Credo di aver già descritto il mio primo incontro diretto con gli algoritmi, cioè con i procedimenti di calcolo che sono alla base della rivoluzione tecnologica in atto. C’entra il risotto. L’algoritmo, vale a dire «la sequenza di operazioni per calcolare e risolvere un problema», era quello che due tecnici dell’arte culinaria, Ricci e Ceccarelli, affermavano di aver usato per scendere più in profondità nella cottura del piatto tradizionale della cucina milanese. In realtà il loro algoritmo si limitava a schematizzare «alla maniera greimasiana» le varie operazioni della preparazione principale con i suoi sottoprogrammi (tritare la cipolla, far sciogliere il burro, incorporare vino e midollo ecc.) e l’operazione annessa (preparare il brodo)! Prima di quell’uso «sui generis» il termine algoritmo era collegato con l’irraggiungibile genio del matematico inglese Turing e con gli strumenti da lui usati per costruire una macchina in grado di superare l’uomo nel gioco degli scacchi, ignorando che gli sarebbero serviti anche per dare un durissimo colpo a Hitler e per porre le basi di quanto oggi ci viene proposto, e spesso anche imposto, come intelligenza artificiale.

Come insegna la storia, ogni nuova scoperta o tecnologia fa scattare anche la progettazione e lo sviluppo di un numero infinito di applicazioni e prodotti. La regola ha segnato anche l’evoluzione dell’Ia e degli algoritmi in informatica: dagli iniziali usi dei robot nelle fabbriche e degli avatar nei videogiochi in pochi decenni si è arrivati alla guida autonoma di veicoli e alle sofisticatissime consulenze per l’industria, finanziarie e alle applicazioni riguardanti servizi, armamenti e strategie militari del futuro. Inevitabile che questa galassia di impieghi e di complessi orientamenti toccasse anche l’industria dell’editoria con gli algoritmi applicati all’informazione digitale su Internet, causando devastanti scenari per la sopravvivenza della stampa, intesa come «fabbrica» dell’informazione, e dei giornali.
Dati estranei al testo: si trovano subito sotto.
(* In a phase space $Z_2$, the permanent source produced time harmonic perturbation propagation problem is well posed on every finite interval of time $[0,t_0]$, and the null solution is unstable (in the sense of Lyapunov) with respect to the class $Z_2$ of amplitudes.
   Context: Fix constants $U_0,c_0,\rho_0>0$, $\omega_f\in\mathbb{R}$, $h$ the Heaviside function. The permanent source produced time harmonic perturbation propagation problem with amplitude $A=(F,G,H,P)$: find $(v_x',v_y',v_z',p')$, zero for $t\le0$, with $\partial_t v_x' + U_0\partial_x v_x' + \frac1{\rho_0}\partial_x p' = h(t)F\sin\omega_f t$, $\partial_t v_y' + U_0\partial_x v_y' + \frac1{\rho_0}\partial_y p' = h(t)G\sin\omega_f t$, $\partial_t v_z' + U_0\partial_x v_z' + \frac1{\rho_0}\partial_z p' = h(t)H\sin\omega_f t$, $\partial_t p' + U_0\partial_xp' + \rho_0c_0^2(\partial_xv_x'+\partial_yv_y'+\partial_zv_z') = h(t)P\sin\omega_f t$. Phase space $Z_2$: fix real constants $k_i,l_i,m_i$ ($i=1,\dots,4$) with $k_1k_2k_3k_4\neq0$ and $\Delta = \frac{c_0\rho_0}{k_3k_4}[r_1(k_2k_3k_4+k_3m_2m_4+k_4l_2l_3) + r_2(k_1k_3k_4+k_3m_1m_4+k_4l_1l_3)]\neq0$, $r_i=\sqrt{k_i^2+l_i^2+m_i^2}$. With $\xi_i=k_ix+l_iy+m_iz$, $Z_2$ is the set of systems $(F,G,H,P)$ of bounded $C^1$ functions on $\mathbb{R}^3$ of the form $F = k_1f_1(\xi_1)+k_2f_2(\xi_2)+\frac{l_3}{k_3}f_3(\xi_3)+\frac{m_4}{k_4}f_4(\xi_4)$, $G = l_1f_1(\xi_1)+l_2f_2(\xi_2)-f_3(\xi_3)$, $H = m_1f_1(\xi_1)+m_2f_2(\xi_2)-f_4(\xi_4)$, $P = -c_0\rho_0r_1f_1(\xi_1)+c_0\rho_0r_2f_2(\xi_2)$ with $f_i$ continuously differentiable, normed by $\|A\|_{Z_2}=\max\{\sup|F|,\sup|G|,\sup|H|,\sup|P|\}$. Well-posedness on $[0,t_0]$: (a) for every $A\in Z_2$ there is a unique solution defined for $t\in[0,t_0]$; (b) if $A_n\to A$ in $Z_2$ then the corresponding solutions converge in $Z_2$ to the solution for $A$ at every $t\in[0,t_0]$. The null solution is stable if the problem is well posed on $[0,t_0]$ for every $t_0>0$ and for every $\varepsilon>0$ there is $\eta>0$ such that $\|A\|_{Z_2}<\eta$ implies that the solution has $Z_2$-norm $<\varepsilon$ for all $t\ge0$; unstable means not stable. *)

theory Defs
  imports "HOL-Analysis.Analysis"
begin

text \<open>Scalar fields on R^3 (curried in x y z) and amplitude / state systems (F,G,H,P),
  resp. (v_x', v_y', v_z', p').  The constants k_i, l_i, m_i (i = 1..4) are given as
  functions k l m :: nat => real, only the values at 1..4 being used.\<close>

type_synonym field3 = "real \<Rightarrow> real \<Rightarrow> real \<Rightarrow> real"
type_synonym amp = "field3 \<times> field3 \<times> field3 \<times> field3"

definition cmp :: "amp \<Rightarrow> nat \<Rightarrow> field3" where
  "cmp A j = (if j = 0 then fst A else if j = 1 then fst (snd A)
              else if j = 2 then fst (snd (snd A)) else snd (snd (snd A)))"

definition rr :: "(nat \<Rightarrow> real) \<Rightarrow> (nat \<Rightarrow> real) \<Rightarrow> (nat \<Rightarrow> real) \<Rightarrow> nat \<Rightarrow> real" where
  "rr k l m i = sqrt ((k i)\<^sup>2 + (l i)\<^sup>2 + (m i)\<^sup>2)"

definition Delta :: "real \<Rightarrow> real \<Rightarrow> (nat \<Rightarrow> real) \<Rightarrow> (nat \<Rightarrow> real) \<Rightarrow> (nat \<Rightarrow> real) \<Rightarrow> real" where
  "Delta c0 rho0 k l m = c0 * rho0 / (k 3 * k 4) *
     (rr k l m 1 * (k 2 * k 3 * k 4 + k 3 * m 2 * m 4 + k 4 * l 2 * l 3)
    + rr k l m 2 * (k 1 * k 3 * k 4 + k 3 * m 1 * m 4 + k 4 * l 1 * l 3))"

definition xi :: "(nat \<Rightarrow> real) \<Rightarrow> (nat \<Rightarrow> real) \<Rightarrow> (nat \<Rightarrow> real) \<Rightarrow> nat \<Rightarrow> field3" where
  "xi k l m i x y z = k i * x + l i * y + m i * z"

definition bounded3 :: "field3 \<Rightarrow> bool" where
  "bounded3 g \<longleftrightarrow> (\<exists>B. \<forall>x y z. \<bar>g x y z\<bar> \<le> B)"

definition inZ2 :: "real \<Rightarrow> real \<Rightarrow> (nat \<Rightarrow> real) \<Rightarrow> (nat \<Rightarrow> real) \<Rightarrow> (nat \<Rightarrow> real) \<Rightarrow> amp \<Rightarrow> bool" where
  "inZ2 c0 rho0 k l m A \<longleftrightarrow>
     (\<exists>f :: nat \<Rightarrow> real \<Rightarrow> real.
        (\<forall>i\<in>{1..4}. f i C1_differentiable_on UNIV) \<and>
        A = ((\<lambda>x y z. k 1 * f 1 (xi k l m 1 x y z) + k 2 * f 2 (xi k l m 2 x y z)
                      + l 3 / k 3 * f 3 (xi k l m 3 x y z) + m 4 / k 4 * f 4 (xi k l m 4 x y z)),
             (\<lambda>x y z. l 1 * f 1 (xi k l m 1 x y z) + l 2 * f 2 (xi k l m 2 x y z)
                      - f 3 (xi k l m 3 x y z)),
             (\<lambda>x y z. m 1 * f 1 (xi k l m 1 x y z) + m 2 * f 2 (xi k l m 2 x y z)
                      - f 4 (xi k l m 4 x y z)),
             (\<lambda>x y z. - c0 * rho0 * rr k l m 1 * f 1 (xi k l m 1 x y z)
                      + c0 * rho0 * rr k l m 2 * f 2 (xi k l m 2 x y z)))) \<and>
     (\<forall>j<4. bounded3 (cmp A j))"

definition supn :: "field3 \<Rightarrow> real" where
  "supn g = Sup {\<bar>g x y z\<bar> | x y z. True}"

definition z2norm :: "amp \<Rightarrow> real" where
  "z2norm A = max (max (supn (cmp A 0)) (supn (cmp A 1))) (max (supn (cmp A 2)) (supn (cmp A 3)))"

definition amp_minus :: "amp \<Rightarrow> amp \<Rightarrow> amp" where
  "amp_minus A B = ((\<lambda>x y z. cmp A 0 x y z - cmp B 0 x y z), (\<lambda>x y z. cmp A 1 x y z - cmp B 1 x y z),
                    (\<lambda>x y z. cmp A 2 x y z - cmp B 2 x y z), (\<lambda>x y z. cmp A 3 x y z - cmp B 3 x y z))"

definition amp_zero :: amp where
  "amp_zero = ((\<lambda>x y z. 0), (\<lambda>x y z. 0), (\<lambda>x y z. 0), (\<lambda>x y z. 0))"

definition dT :: "(real \<Rightarrow> amp) \<Rightarrow> nat \<Rightarrow> real \<Rightarrow> field3" where
  "dT u j t x y z = deriv (\<lambda>s. cmp (u s) j x y z) t"
definition dX :: "(real \<Rightarrow> amp) \<Rightarrow> nat \<Rightarrow> real \<Rightarrow> field3" where
  "dX u j t x y z = deriv (\<lambda>s. cmp (u t) j s y z) x"
definition dY :: "(real \<Rightarrow> amp) \<Rightarrow> nat \<Rightarrow> real \<Rightarrow> field3" where
  "dY u j t x y z = deriv (\<lambda>s. cmp (u t) j x s z) y"
definition dZ :: "(real \<Rightarrow> amp) \<Rightarrow> nat \<Rightarrow> real \<Rightarrow> field3" where
  "dZ u j t x y z = deriv (\<lambda>s. cmp (u t) j x y s) z"

definition uncurry4 :: "(real \<Rightarrow> field3) \<Rightarrow> real \<times> real \<times> real \<times> real \<Rightarrow> real" where
  "uncurry4 w p = w (fst p) (fst (snd p)) (fst (snd (snd p))) (snd (snd (snd p)))"

text \<open>Classical (C^1) solution on [0,t0] of the problem with amplitude A, vanishing for t <= 0,
  whose state lies in Z_2 at every time t in [0,t0].  The Heaviside factor h(t) equals 1 for t > 0.\<close>
definition is_solution ::
  "real \<Rightarrow> real \<Rightarrow> real \<Rightarrow> real \<Rightarrow> (nat \<Rightarrow> real) \<Rightarrow> (nat \<Rightarrow> real) \<Rightarrow> (nat \<Rightarrow> real)
   \<Rightarrow> real \<Rightarrow> amp \<Rightarrow> (real \<Rightarrow> amp) \<Rightarrow> bool" where
  "is_solution U0 c0 rho0 \<omega> k l m t0 A u \<longleftrightarrow>
     (\<forall>t\<le>0. u t = amp_zero) \<and>
     (\<forall>t\<in>{0..t0}. inZ2 c0 rho0 k l m (u t)) \<and>
     (\<forall>j<4.
        continuous_on ({..t0} \<times> UNIV) (uncurry4 (\<lambda>t. cmp (u t) j)) \<and>
        (\<forall>t\<in>{0<..<t0}. \<forall>x y z.
            (\<lambda>s. cmp (u s) j x y z) differentiable (at t) \<and>
            (\<lambda>s. cmp (u t) j s y z) differentiable (at x) \<and>
            (\<lambda>s. cmp (u t) j x s z) differentiable (at y) \<and>
            (\<lambda>s. cmp (u t) j x y s) differentiable (at z)) \<and>
        continuous_on ({0<..<t0} \<times> UNIV) (uncurry4 (dT u j)) \<and>
        continuous_on ({0<..<t0} \<times> UNIV) (uncurry4 (dX u j)) \<and>
        continuous_on ({0<..<t0} \<times> UNIV) (uncurry4 (dY u j)) \<and>
        continuous_on ({0<..<t0} \<times> UNIV) (uncurry4 (dZ u j))) \<and>
     (\<forall>t\<in>{0<..<t0}. \<forall>x y z.
        dT u 0 t x y z + U0 * dX u 0 t x y z + 1 / rho0 * dX u 3 t x y z
          = cmp A 0 x y z * sin (\<omega> * t) \<and>
        dT u 1 t x y z + U0 * dX u 1 t x y z + 1 / rho0 * dY u 3 t x y z
          = cmp A 1 x y z * sin (\<omega> * t) \<and>
        dT u 2 t x y z + U0 * dX u 2 t x y z + 1 / rho0 * dZ u 3 t x y z
          = cmp A 2 x y z * sin (\<omega> * t) \<and>
        dT u 3 t x y z + U0 * dX u 3 t x y z
          + rho0 * c0\<^sup>2 * (dX u 0 t x y z + dY u 1 t x y z + dZ u 2 t x y z)
          = cmp A 3 x y z * sin (\<omega> * t))"

definition well_posed ::
  "real \<Rightarrow> real \<Rightarrow> real \<Rightarrow> real \<Rightarrow> (nat \<Rightarrow> real) \<Rightarrow> (nat \<Rightarrow> real) \<Rightarrow> (nat \<Rightarrow> real) \<Rightarrow> real \<Rightarrow> bool" where
  "well_posed U0 c0 rho0 \<omega> k l m t0 \<longleftrightarrow>
     (\<forall>A. inZ2 c0 rho0 k l m A \<longrightarrow>
        (\<exists>u. is_solution U0 c0 rho0 \<omega> k l m t0 A u) \<and>
        (\<forall>u v. is_solution U0 c0 rho0 \<omega> k l m t0 A u \<longrightarrow> is_solution U0 c0 rho0 \<omega> k l m t0 A v
               \<longrightarrow> (\<forall>t\<le>t0. u t = v t))) \<and>
     (\<forall>As A us u. (\<forall>n. inZ2 c0 rho0 k l m (As n)) \<longrightarrow> inZ2 c0 rho0 k l m A \<longrightarrow>
        (\<lambda>n. z2norm (amp_minus (As n) A)) \<longlonglongrightarrow> 0 \<longrightarrow>
        (\<forall>n. is_solution U0 c0 rho0 \<omega> k l m t0 (As n) (us n)) \<longrightarrow>
        is_solution U0 c0 rho0 \<omega> k l m t0 A u \<longrightarrow>
        (\<forall>t\<in>{0..t0}. (\<lambda>n. z2norm (amp_minus (us n t) (u t))) \<longlonglongrightarrow> 0))"

definition null_stable ::
  "real \<Rightarrow> real \<Rightarrow> real \<Rightarrow> real \<Rightarrow> (nat \<Rightarrow> real) \<Rightarrow> (nat \<Rightarrow> real) \<Rightarrow> (nat \<Rightarrow> real) \<Rightarrow> bool" where
  "null_stable U0 c0 rho0 \<omega> k l m \<longleftrightarrow>
     (\<forall>t0>0. well_posed U0 c0 rho0 \<omega> k l m t0) \<and>
     (\<forall>\<epsilon>>0. \<exists>\<eta>>0. \<forall>A. inZ2 c0 rho0 k l m A \<longrightarrow> z2norm A < \<eta> \<longrightarrow>
        (\<forall>t0>0. \<forall>u. is_solution U0 c0 rho0 \<omega> k l m t0 A u \<longrightarrow>
           (\<forall>t\<in>{0..t0}. z2norm (u t) < \<epsilon>)))"

end

theory Submission
  imports Defs
begin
Eppure Jeffrey Herbst, matematico presidente di Newseum, il museo interattivo dell’informazione con sede a Washington, in un saggio pubblicato una decina di anni fa prevedeva già che con gli algoritmi i cambiamenti in atto nel mondo della stampa avrebbero avuto effetti ancor più devastanti. Il suo avvertimento era basato sul fatto che Facebook aveva appena annunciato di aver implementato alcuni nuovi algoritmi per determinare chi degli utenti online leggeva uno specifico articolo de «The Washington Post» e quanto a lungo si soffermava su altri articoli o settori dello stesso giornale. Era l’avvio dell’editoria guidata dall’Ia. Sappiamo chi ha acquistato «The Washington Post» e sappiamo anche che Ia e algoritmi sono sempre più controllati dai miliardari proprietari dei social media (da Facebook a Instagram sino al famigerato X/Twitter di Elon Musk). Davanti a questi scenari, visto che chi ci guida – in Europa e sotto la cupola di Berna – pretende di controllare questi problemi limitandosi ad aggiungere zeri alle multe, c’è solo da sperare che un Turing del 2000 inventi un super-algoritmo che aiuti l’uomo a difendere libertà e diritti.